Según cuenta el propio SugarHill, cuando Fury, un gigante de 21 años y 6´9 pies de estatura, llegó a la instalación en el verano de 2010, Emanuel le preguntó: “¿Quién eres tú?” A lo que el visitante respondió con total convicción: “Soy el próximo campeón mundial de peso pesado”.

El ahora nuevo entrenador de Fury dijo que por aquel tiempo él fungía como policía de la ciudad de Detroit, pero dedicaba casi todo su tiempo libre a recibir las enseñanzas de su tío Emanuel. “Recuerdo que cuando Fury llegó tuve que mirar hacia arriba, pues nunca un hombre tan alto había entrado al gimnasio. Pero después lo ignoré, porque mucha gente llega al gimnasio diciendo que será el próximo monarca en el boxeo”.

JAVAN STEWARD: “Vamos a noquear a Wilder”.

Javan “SugarHill” Steward expresó que no hubiera asumido las riendas del entrenamiento de Fury si no estuviera convencido de que su alumno puede derrotar a Wilder, incluso antes del límite de los 12 asaltos.

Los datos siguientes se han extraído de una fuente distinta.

lemma semi_invariant_hodge:
  assumes \<kappa>: "hodge_compatible n \<chi> \<chi>' \<kappa>" and v: "semi_invariant n \<chi> v"
  shows "semi_invariant n \<chi>' (hodge n \<kappa> v)"
  unfolding semi_invariant_def
proof (intro ballI allI impI)
  fix \<sigma> Y assume \<sigma>: "\<sigma> \<in> perms n" and Y: "Y \<subseteq> edges n"
  have "hodge n \<kappa> v (edge_act \<sigma> ` Y) = \<kappa> (edge_act \<sigma> ` Y) * v (edge_act \<sigma> ` (edges n - Y))"
    unfolding hodge_def using edge_act_subset[OF \<sigma> Y] edge_act_image_Diff[OF \<sigma> Y] by simp
  also have "\<dots> = (\<kappa> (edge_act \<sigma> ` Y) * \<chi> \<sigma> * act_sign \<sigma> (edges n - Y)) * v (edges n - Y)"
    using v \<sigma> by (simp add: semi_invariant_def mult.assoc)
  also have "\<dots> = \<chi>' \<sigma> * act_sign \<sigma> Y * hodge n \<kappa> v Y"
    using \<kappa> \<sigma> Y by (simp add: hodge_compatible_def hodge_def)
  finally show "hodge n \<kappa> v (edge_act \<sigma> ` Y) = \<chi>' \<sigma> * act_sign \<sigma> Y * hodge n \<kappa> v Y" .
qed

lemma hodge_compatible_Diff:
  assumes \<chi>: "complementary_characters n \<chi> \<chi>'" and \<kappa>: "hodge_compatible n \<chi> \<chi>' \<kappa>"
  shows "hodge_compatible n \<chi>' \<chi> (\<lambda>S. \<kappa> (edges n - S))"
  unfolding hodge_compatible_def
proof (intro ballI allI impI)
  fix \<sigma> X assume \<sigma>: "\<sigma> \<in> perms n" and X: "X \<subseteq> edges n"
  have "\<kappa> (edge_act \<sigma> ` (edges n - X)) * \<chi> \<sigma> * act_sign \<sigma> (edges n - (edges n - X)) =
      \<chi>' \<sigma> * act_sign \<sigma> (edges n - X) * \<kappa> (edges n - X)"
    using \<kappa> \<sigma> by (simp add: hodge_compatible_def)
  then have "\<kappa> (edges n - edge_act \<sigma> ` X) * \<chi> \<sigma> * act_sign \<sigma> X =
      \<chi>' \<sigma> * act_sign \<sigma> (edges n - X) * \<kappa> (edges n - X)"
    using X by (simp add: edge_act_image_Diff[OF \<sigma> X] double_diff)
  moreover have "\<chi> \<sigma> * \<chi> \<sigma> = 1" "\<chi>' \<sigma> * \<chi>' \<sigma> = 1"
    using \<chi> \<sigma> by (simp_all add: complementary_characters_def sign_character_def)
  moreover have "act_sign \<sigma> X * act_sign \<sigma> X = 1"
    "act_sign \<sigma> (edges n - X) * act_sign \<sigma> (edges n - X) = 1"
    by (simp_all add: act_sign_def)
  ultimately show "\<kappa> (edges n - edge_act \<sigma> ` X) * \<chi>' \<sigma> * act_sign \<sigma> (edges n - X) =
      \<chi> \<sigma> * act_sign \<sigma> X * \<kappa> (edges n - X)"
    by algebra
qed

lemma hodge_compatible_crossing_sign:
  assumes "complementary_characters n \<chi> \<chi>'"
  shows "hodge_compatible n \<chi> \<chi>' (\<lambda>S. crossing_sign n (edges n - S))"
  unfolding hodge_compatible_def
proof (intro ballI allI impI)
  fix \<sigma> Y assume \<sigma>: "\<sigma> \<in> perms n" and Y: "Y \<subseteq> edges n"
  show "crossing_sign n (edges n - edge_act \<sigma> ` Y) * \<chi> \<sigma> * act_sign \<sigma> (edges n - Y) =
      \<chi>' \<sigma> * act_sign \<sigma> Y * crossing_sign n (edges n - Y)"
    using crossing_sign_image[OF assms \<sigma>, of "edges n - Y"] Y
    by (simp add: edge_act_image_Diff[OF \<sigma> Y] double_diff mult.commute mult.left_commute)
qed

lemma hodge_compatible_mult:
  assumes "hodge_compatible n \<chi> \<chi>' \<kappa>"
    and "\<And>\<sigma> S. \<sigma> \<in> perms n \<Longrightarrow> S \<subseteq> edges n \<Longrightarrow> c (edge_act \<sigma> ` S) = c S"
  shows "hodge_compatible n \<chi> \<chi>' (\<lambda>S. c S * \<kappa> S)"
  using assms unfolding hodge_compatible_def by (simp add: mult.assoc mult.left_commute)

lemma Diff_eq_Diff_iff: "A \<subseteq> T \<Longrightarrow> B \<subseteq> T \<Longrightarrow> T - A = T - B \<longleftrightarrow> A = B"
  by (metis double_diff order_refl)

“Lo vamos a noquear, no sé la ronda, pero veo a Tyson Fury conquistando una victoria sensacional”, dijo Steward al diario británico The Mirror. “Está haciendo todo su esfuerzo en la preparación y espero un nocaut, ese es el plan y el único resultado para mí”.

Steward señaló que no tenía dudas que su discípulo había ganado la primera pelea, pero al dejar el resultado en manos de los jueces, siempre existe la posibilidad que los oficiales tengan una apreciación errónea desfavorable.

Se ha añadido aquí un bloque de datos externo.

(* Let $M$, $\alpha,\beta,\gamma$ satisfy the standing assumptions described in the context, let $T>0$ and $b$ be as fixed in the context, and for $\xi\in\mathbb{R}^n$ let $W(t,\xi)\in\mathbb{C}^2$ be any solution on $[T,\infty)$ of $$\partial_t W=\begin{pmatrix}-2b(t)& i|\xi|\\ i|\xi|&0\end{pmatrix}W .$$ Then there exist positive constants $N$ and $K_1$ such that, for all $(t,\xi)\in Z_H$ with $\xi\neq0$: if $\alpha>0$, then $K_1^{-1}|W(t_\xi,\xi)|\le|W(t,\xi)|\le K_1|W(t_\xi,\xi)|$; if $\alpha\le0$, then $K_1^{-1}|W(T,\xi)|\le|W(t,\xi)|\le K_1|W(T,\xi)|$.
   Context: Standing assumptions: $M:[0,\infty)\to\mathbb{R}$ continuous; $\alpha\le1$, $\beta<1$, $\gamma>0$ with $\gamma\ge\beta\ge(\alpha+1)/2$ if $\alpha\ne0$ and $\gamma\ge\beta>1/2$ if $\alpha=0$; $M$ satisfies: (M1) if $\alpha\ge 0$, $\int_0^t\big|\int_s^\infty\int_\sigma^\infty M(\tau)\,d\tau\,d\sigma\big|\,ds\lesssim(1+t)^{\alpha}$; if $\alpha\le 0$, $\int_t^\infty\big|\int_s^\infty\int_\sigma^\infty M(\tau)\,d\tau\,d\sigma\big|\,ds\lesssim(1+t)^{\alpha}$ (both when $\alpha=0$); (M2) $|M(t)|\lesssim(1+t)^{-2\beta}$; (M3) $\big|\int_t^\infty M\big|\lesssim(1+t)^{-\gamma}$, $\int_t^\infty\big(\int_s^\infty M\big)^2ds\lesssim(1+t)^{-\gamma}$, $\int_0^\infty\int_t^\infty\big(\int_s^\infty M\big)^2\,ds\,dt<\infty$; here $f\lesssim g$ means $f\le Cg$ with $C$ independent of $t$, and the moreover the condition $\sup_{t\ge0}(1+t)^\alpha\int_t^\infty\int_s^\infty(\int_\sigma^\infty M)^2\,d\sigma\,ds<\infty$ holds. Definition of $b$ and $T$: $q_1:=M$, $Q_k(t):=-\int_t^\infty q_k$, $q_k:=\sum_{j=1}^{k-1}Q_jQ_{k-j}$ ($k\ge 2$), $\phi(t):=-\int_t^\infty Q_2$; $T>0$ is chosen so that $|\int_t^\infty Q_1(s)\,ds|\le1$ and $\phi(t)\le 6^{-4}$ for all $t\ge T$, and $b(t):=\sum_{k\ge1}Q_k(t)$ on $[T,\infty)$ (this series converges, $b$ solves $b'+b^2+M=0$, and $|b(t)|\lesssim(1+t)^{-\gamma}$, $|b'(t)|\lesssim(1+t)^{-2\beta}$, $|\int_t^\infty b|$ bounded for $t\ge T$). Zones: for $N>0$, $Z_H:=\{(t,\xi)\in[T,\infty)\times\mathbb{R}^n:(1+t)^\alpha|\xi|\ge N\}$, and for $\alpha\ne0$, $\xi\ne0$, $t_\xi:=\max\{T,(N|\xi|^{-1})^{1/\alpha}-1\}$. *)

theory Defs
  imports "HOL-Analysis.Analysis"
begin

“Si sales y noqueas, entonces eres el juez”, añadió Steward. “Si quieres que suceda algo, debes hacerlo tú mismo. Y como él quiere ganar la segunda pelea contra Wilder, debe ir por el nocaut. Y quiere hacerlo en el segundo asalto, lo que facilita mi trabajo. No tengo que convencerlo para que aniquile a su rival. Estamos en la misma página”.

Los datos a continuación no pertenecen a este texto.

lemma cycles_perm_cong:
  assumes "\<And>k. k \<in> {1..l t} \<Longrightarrow> a k = b k" and "inj_on a {1..l t}"
    and "\<And>k. k \<in> {1..l t} \<Longrightarrow> cyc_next l t k \<in> {1..l t}"
  shows "cycles_perm l t a = cycles_perm l t b"
proof
  fix x
  have "inj_on b {1..l t}"
    using assms(1,2) inj_on_cong by blast
  show "cycles_perm l t a x = cycles_perm l t b x"
  proof (cases "x \<in> a ` {1..l t}")
    case True
    then obtain k where "k \<in> {1..l t}" and "x = a k"
      by blast
    then show ?thesis
      using cycles_perm_apply[where l = l and t = t, OF assms(2)]
        cycles_perm_apply[where l = l and t = t, OF \<open>inj_on b {1..l t}\<close>] assms(1,3)
      by simp
  next
    case False
    then have "x \<notin> b ` {1..l t}"
      using assms(1) by auto
    with False show ?thesis
      by (simp add: cycles_perm_outside)
  qed
qed

lemma cycles_perm_eq_id:
  assumes "\<And>k. k \<in> {1..l t} \<Longrightarrow> cyc_next l t k = k" and "inj_on a {1..l t}"
  shows "cycles_perm l t a = id"
proof
  fix x
  show "cycles_perm l t a x = id x"
    using cycles_perm_apply[where l = l and t = t, OF assms(2)] cycles_perm_outside[of x a] assms(1)
    by (cases "x \<in> a ` {1..l t}") auto
qed

lemma cycles_perm_conjugate:
  assumes "bij g" and "\<forall>k\<in>{1..l t}. g k = a k" and "inj_on a {1..l t}"
    and "\<And>k. k \<in> {1..l t} \<Longrightarrow> cyc_next l t k \<in> {1..l t}"
  shows "cycles_perm l t a = g \<circ> cycles_perm l t id \<circ> inv g"
proof -
  have "cycles_perm l t a = cycles_perm l t (g \<circ> id)"
    using assms(2-4) by (intro cycles_perm_cong) auto
  also have "\<dots> = g \<circ> cycles_perm l t id \<circ> inv g"
    by (rule cycles_perm_comp[OF assms(1)])
  finally show ?thesis .
qed

theorem lemma2p5:
  fixes n t :: nat and l a :: "nat \<Rightarrow> nat"
  assumes "n \<ge> 2" and "even n" and "t \<ge> 1"
    and "0 < l 1" and "\<forall>i\<in>{1..<t}. l i < l (Suc i)"
    and "1 \<le> a 1" and "\<forall>k\<in>{1..<l t}. a k < a (Suc k)"
    and "a (l t) \<le> l t + 3 * n - 3"
  shows "\<exists>js. (\<forall>j\<in>set js. 1 \<le> j \<and> j \<le> (l t + 3 * n - 3) - n + 1) \<and>
           (let g = foldr (\<circ>) (map (crossing n) js) id
            in cycles_perm l t a = g \<circ> cycles_perm l t id \<circ> inv g)"
proof -
  define L M where "L = l t" and "M = L + 3 * n - 3"
  have l_mono: "strict_mono_on {1..t} l" and a_mono: "strict_mono_on {1..L} a"
    using assms(5,7) unfolding L_def by (auto intro: strict_mono_on_if_Suc_less)
  then have inj_a: "inj_on a {1..L}" and "1 \<le> L"
    using assms(3,4) strict_mono_on_leD[OF l_mono, of 1 t] unfolding L_def
    by (auto intro: strict_mono_on_imp_inj_on)
  have cyc: "cyc_next l t k \<in> {1..L}" if "k \<in> {1..L}" for k
    using cyc_next_in_range[OF l_mono assms(3)] that unfolding L_def by blast
  show ?thesis
  proof (cases "L = 1")
    case True
    \<comment> \<open>Both sides are the identity. For n = 2 there are then only four points, too few for
      the 3-cycle argument.\<close>
    then have "cycles_perm l t f = id" if "inj_on f {1..L}" for f
      using cyc that by (intro cycles_perm_eq_id) (auto simp: L_def)
    then show ?thesis
      using inj_a by (intro exI[of _ "[]"]) simp
  next
    case False
    have "a ` {1..L} \<subseteq> {1..M}"
      using strict_mono_on_leD[OF a_mono, of 1] strict_mono_on_leD[OF a_mono, of _ L] \<open>1 \<le> L\<close>
        assms(6,8) unfolding L_def M_def by fastforce
    moreover have "3 * n - 2 \<le> M" and "5 \<le> M" and "L + 2 \<le> M"
      using assms(1) False \<open>1 \<le> L\<close> unfolding M_def by auto
    ultimately obtain js where "\<forall>j\<in>set js. 1 \<le> j \<and> j \<le> M - n + 1"
      and "bij (foldr (\<circ>) (map (crossing n) js) id)"
      and "\<forall>k\<in>{1..L}. foldr (\<circ>) (map (crossing n) js) id k = a k"
      using exists_crossing_word[OF assms(2,1) _ _ inj_a] by metis
    then show ?thesis
      using cycles_perm_conjugate inj_a cyc unfolding M_def L_def by (auto simp: Let_def)
  qed
qed

end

Igualmente, Fury, nacido hace 31 años en la ciudad inglesa de Manchester, ha asegurado en todas sus declaraciones que “esta vez no sólo ganaré, sino que lo aplastaré. Esta revancha no terminará en empate de nuevo. Eso no servirá. Por tanto, lo golpearé en la cara hasta que se caiga. Esa es mi intención y la voy a cumplir”.

WILDER: “CONFIRMARE QUE SOY EL MEJOR PESO PESADO DEL MUNDO”

A partir del pleito con Fury, Wilder también ha efectuado dos combates. En el primero, despachó por la vía del cloroformo en el primer episodio a su coterráneo Dominic “El Problema” Breazeale, el 18 de mayo, en el Barclays Center, de Brooklyn, Nueva York.

Seis meses más tarde, aplicó idéntica receta en la revancha al zurdo cubano Luis “King Kong” Ortíz, quien iba delante en la tarjetas tras seis asaltos, pero descuidó la defensa y un recto de derecha del Wilder lo puso a dormir por la cuenta definitiva, el 23 de noviembre, en la misma sede donde el campeón se las verá con Fury.

“No sé como tomar las cosas que está diciendo (Fury), dijo Wilder ante los periodistas. “Está diciendo que me va a noquear, pero sentí sus puños como si fueran almohadas. Es lo que sentí en nuestra pelea. Por eso espero con ansias que llegue el 22 de febrero”.

Wilder precisó que es un error enfrentar a alguien como él y pensar que tienen la solución para obtener la victoria. “Muchos han pensado lo mismo y han fracasado. Este triunfo será más especial que los demás. Iré nuevamente con esa mentalidad asesina que siempre demuestro y noquearé a Fury mucho antes de lo que él piensa. Confirmaré que soy el mejor peso pesado del mundo”.